Project resolves rights management issues

5 April 2007

Last month representatives of publishers and search engines gathered in London to try to break the stalemate over permissions for using different types of content. Recently it has been all too common a story for such disputes between these two types of businesses to end up being resolved in court.

The problem until now, according to Mark Bide of Rightscom, who co-ordinates the new ACAP (Automated Content Access Protocol) project, has been that the existing method of telling search engines which content they can include, the robots.txt protocol, is ‘a very blunt instrument’. As Bide told www.researchinformation.info, ‘It basically just says that content is in or out.’

Such a binary situation falls down in situations where, for example, the abstract of a paper is freely available but the body text requires payment, or where a story in a newspaper includes an image that is from an external source and so has different copyright conditions from the text of story.
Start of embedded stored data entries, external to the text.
lemma continuation_diff_le:
  assumes h: "h \<in> {1..H}"
    and y: "y \<in> Delta" "infnorm (y - ys h) \<le> rad N h"
    and y': "y' \<in> Delta" "infnorm (y' - ys h) \<le> rad N h"
    and z: "infnorm z \<le> 2 * ln (real N)" and u: "0 \<le> u"
    and next_lip: "\<And>v v'. v \<in> nbhd N (Suc h) \<Longrightarrow> v' \<in> nbhd N (Suc h) \<Longrightarrow>
        V N \<pi> (Suc h) v - V N \<pi> (Suc h) v' \<le> u * infnorm (v - v') + E"
  shows "V N \<pi> (Suc h) (next_state N P h y z) - V N \<pi> (Suc h) (next_state N P h y' z)
      \<le> u * (sqrt (real CARD('s)) * lipconst P h * infnorm (y - y')) + E"
proof -
  have "infnorm (next_state N P h y z - next_state N P h y' z)
      \<le> sqrt (real CARD('s)) * lipconst P h * infnorm (y - y')"
    using infnorm_closest_point_Delta_le[of "phi P h y + (1 / sqrt (real N)) *\<^sub>R z"
        "phi P h y' + (1 / sqrt (real N)) *\<^sub>R z"] infnorm_phi_diff_le[OF y(1) y'(1), of P h]
    unfolding next_state_def by (auto intro: order_trans mult_left_mono simp: mult.assoc)
  then show ?thesis
    using next_lip[OF next_state_in_nbhd[OF h y z] next_state_in_nbhd[OF h y' z]] mult_left_mono[OF _ u]
    by (meson add_right_mono order_trans)
qed

lemma expected_continuation_diff_le:
  assumes opt: "optimal N \<pi>" and N: "1 \<le> N" and h: "h \<in> {1..H}"
    and y: "y \<in> Delta" "infnorm (y - ys h) \<le> rad N h"
    and y': "y' \<in> Delta" "infnorm (y' - ys h) \<le> rad N h"
    and u: "0 \<le> u" and E: "0 \<le> E"
    and next_lip: "\<And>v v'. v \<in> nbhd N (Suc h) \<Longrightarrow> v' \<in> nbhd N (Suc h) \<Longrightarrow>
        V N \<pi> (Suc h) v - V N \<pi> (Suc h) v' \<le> u * infnorm (v - v') + E"
  shows "(\<integral>z. V N \<pi> (Suc h) (next_state N P h y z) \<partial>noise h)
           - (\<integral>z. V N \<pi> (Suc h) (next_state N P h y' z) \<partial>noise h)
    \<le> u * (sqrt (real CARD('s)) * lipconst P h * infnorm (y - y')) + E
      + real H * rmax H r * (sqrt 2 ^ CARD('s) * real N powr (- ln (real N)))"
proof -
  interpret prob_space "noise h"
    by (rule prob_space_gauss_cov)
  note [measurable] = optimalD(2)[OF opt]
  define f where "f v z = V N \<pi> (Suc h) (next_state N P h v z)" for v z
  define T where "T = {z::real^'s. 2 * ln (real N) < infnorm z}"
  define A where "A = u * (sqrt (real CARD('s)) * lipconst P h * infnorm (y - y')) + E"
  have bounds: "0 \<le> f v z" "f v z \<le> real H * rmax H r" for v z
    using Vtil_Suc_bounds[OF opt h next_state_in_Delta] by (simp_all add: f_def)
  have integrable: "integrable (noise h) (f v)" for v
  proof (rule integrable_const_bound)
    show "AE z in noise h. norm (f v z) \<le> real H * rmax H r"
      using bounds by simp
    show "f v \<in> borel_measurable (noise h)"
      unfolding f_def by simp measurable
  qed
  have "(\<integral>z. f y z \<partial>noise h) - (\<integral>z. f y' z \<partial>noise h) \<le> A + real H * rmax H r * prob T"
  proof (rule integral_diff_le_off_event[OF integrable integrable])
    show "T \<in> events"
      unfolding T_def by simp measurable
    have "0 \<le> A"
      using u E lipconst_nonneg[of P h] by (simp add: A_def infnorm_pos_le)
    then show "f y z - f y' z \<le> A + real H * rmax H r" for z
      using bounds[of y z] bounds[of y' z] by linarith
    show "f y z - f y' z \<le> A" if "z \<notin> T" for z
      using that continuation_diff_le[OF h y y' _ u] next_lip
      unfolding f_def A_def T_def by (simp add: not_less)
  qed
  moreover have "real H * rmax H r * prob T
      \<le> real H * rmax H r * (sqrt 2 ^ CARD('s) * real N powr (- ln (real N)))"
    using noise_infnorm_tail[OF h N] rmax_H_r_nonneg by (intro mult_left_mono) (auto simp: T_def)
  ultimately show ?thesis
    unfolding f_def A_def by linarith
qed

lemma Vtil_diff_le_step:
  assumes opt: "optimal N \<pi>" and N: "1 \<le> N" and h: "h \<in> {1..H}"
    and x: "x \<in> nbhd N h" and x': "x' \<in> nbhd N h" and u: "0 \<le> u" and E: "0 \<le> E"
    and next_lip: "\<And>v v'. v \<in> nbhd N (Suc h) \<Longrightarrow> v' \<in> nbhd N (Suc h) \<Longrightarrow>
        V N \<pi> (Suc h) v - V N \<pi> (Suc h) v' \<le> u * infnorm (v - v') + E"
  shows "V N \<pi> h x - V N \<pi> h x'
    \<le> (2 * rmax H r * real CARD('s) * (real CARD('s) + 1)
        + sqrt (real CARD('s)) * u * lipconst P h * (real CARD('s) + 1)) * infnorm (x - x')
      + E + real H * rmax H r * sqrt 2 ^ CARD('s) * real N powr (- ln (real N))"
proof -
  define d where "d = infnorm (x - x')"
  define y where "y = \<pi> x h"
  have x_Delta: "x \<in> Delta" "x' \<in> Delta"
    using x x' by (simp_all add: nbhd_def)
  have y: "y \<in> Yset \<alpha> x" "infnorm (y - ys h) \<le> rad N h"
    using optimalD(1,3)[OF opt h] x_Delta x by (auto simp: y_def)
  obtain y' where y': "y' \<in> Yset \<alpha> x'" "infnorm (y' - ys h) \<le> rad N h"
    and y'_close: "infnorm (y - y') \<le> (real CARD('s) + 1) * d"
    using Yset_coupling[OF y optimalD(1)[OF opt h x_Delta(2)] optimalD(3)[OF opt h x']]
    by (auto simp: d_def infnorm_sub)
  have "V N \<pi> h x - V N \<pi> h x' \<le> (reward r h y - reward r h y')
      + ((\<integral>z. V N \<pi> (Suc h) (next_state N P h y z) \<partial>noise h)
         - (\<integral>z. V N \<pi> (Suc h) (next_state N P h y' z) \<partial>noise h))"
    using Vtil_eq[OF h, of N P r ys \<pi> x] deviation_le_Vtil[OF opt h x' y'] by (simp add: y_def)
  moreover have "\<bar>r h s a\<bar> \<le> rmax H r" for s a
    using r_nonneg[OF h, of s a] rmax_ge[OF h, of r s a] by simp
  then have "reward r h y - reward r h y' \<le> 2 * rmax H r * real CARD('s) * infnorm (y - y')"
    by (rule reward_diff_le)
  moreover have "2 * rmax H r * real CARD('s) * infnorm (y - y')
      \<le> 2 * rmax H r * real CARD('s) * ((real CARD('s) + 1) * d)"
    using y'_close rmax_H_r_nonneg by (intro mult_left_mono) auto
  moreover have "u * (sqrt (real CARD('s)) * lipconst P h * infnorm (y - y'))
      \<le> u * (sqrt (real CARD('s)) * lipconst P h * ((real CARD('s) + 1) * d))"
    using y'_close u lipconst_nonneg[of P h] by (intro mult_left_mono) auto
  moreover note expected_continuation_diff_le[OF opt N h Yset_D(1)[OF y(1)] y(2) Yset_D(1)[OF y'(1)] y'(2) u E next_lip]
  ultimately show ?thesis
    unfolding d_def by (simp add: algebra_simps)
qed

lemma Vtil_diff_le:
  assumes opt: "optimal N \<pi>" and N: "1 \<le> N" and h: "h \<in> {1..H}"
  shows "\<forall>x\<in>nbhd N h. \<forall>x'\<in>nbhd N h. V N \<pi> h x - V N \<pi> h x'
    \<le> ufun H P r h * infnorm (x - x')
      + real (Suc H - h) * (real H * rmax H r * sqrt 2 ^ CARD('s) * real N powr (- ln (real N)))"
proof -
  have "h \<le> H"
    using h by simp
  then show ?thesis
  proof (induction h rule: inc_induct)
    case base
    have "V N \<pi> (Suc H) = (\<lambda>_. 0)"
      by (simp add: Vtil_def fun_eq_iff)
    then show ?case
      using Vtil_diff_le_step[OF opt N _ _ _ order_refl order_refl, of H] H_pos
      by (simp add: ufun_last)
  next
    case (step n)
    let ?tail = "real H * rmax H r * sqrt 2 ^ CARD('s) * real N powr (- ln (real N))"
    have n: "n \<in> {1..H}"
      using h step.hyps by simp
    have "V N \<pi> n x - V N \<pi> n x' \<le> ufun H P r n * infnorm (x - x') + real (Suc H - n) * ?tail"
      if "x \<in> nbhd N n" "x' \<in> nbhd N n" for x x'
    proof -
      have "V N \<pi> n x - V N \<pi> n x'
          \<le> (2 * rmax H r * real CARD('s) * (real CARD('s) + 1)
              + sqrt (real CARD('s)) * ufun H P r (Suc n) * lipconst P n * (real CARD('s) + 1)) * infnorm (x - x')
            + real (Suc H - Suc n) * ?tail + ?tail"
        using step.IH rmax_H_r_nonneg
        by (intro Vtil_diff_le_step[OF opt N n that ufun_nonneg[OF rmax_H_r_nonneg]]) auto
      moreover have "real (Suc H - n) = real (Suc H - Suc n) + 1"
        using step.hyps(2) by simp
      ultimately show ?thesis
        by (simp add: ufun_Suc[OF step.hyps(2)] algebra_simps)
    qed
    then show ?case
      by blast
  qed
qed

end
Another situation where problems can arise is where eBooks are aggregated from different publishers that have different restrictions on their content. ‘We need a more sophisticated way of communicating,’ he said.

The new 12-month pilot project, ACAP, is taking on this task by developing a system so that the owners of content published on the internet can provide information relating to access and use of their content in a form that can be recognised and interpreted by a search engine ‘spider’. This should enable the search engine operator to systematically comply with the content owner’s policy or licence.

The project, an initiative of the World Association of Newspapers, the European Publishers Council, and the International Publishers Association, began in January and is already making good progress, according to Bide. At the recent two-day meeting, representatives from publishers of journals, books, newspapers and magazines sat down with major search engines, the British Library and independent experts. Together they identified some 12 to 15 distinct publisher-contributed Use Cases – including how to deal with fragments of content and eBook content from multiple publishers – for the project to address.

The next step, Bide explained, is to do the technical work to ensure that search engines can read the more detailed permissions. ‘ACAP is about the semantics, defining the words and what they mean. The syntax will then be implemented within robots.txt but also in other ways,’ said Bide. The result will be a new metadata standard, which should be quite straightforward for publishers as they already have large amounts of metadata attached to their content, he added.

And this work is not limited to relationships with search engines. There are other relationships that need to be managed. This is one of the reasons that the British Library is involved in the project – it ‘has a similar but by no means identical set of challenges in developing policies around web archiving for the maintenance of the cultural heritage,’ said Bide.

This pilot project is due to end in December 2007 but that is unlikely to be the end of the story. As well as the technical work to include these permissions with publishers’ content, ACAP also wants to see this work become part of the standardisation process. ‘We have streams within the project to look beyond 2007 and how we propose to manage the process beyond the pilot,’ said Bide. ‘Everybody has a pretty open mind on how this will work out.’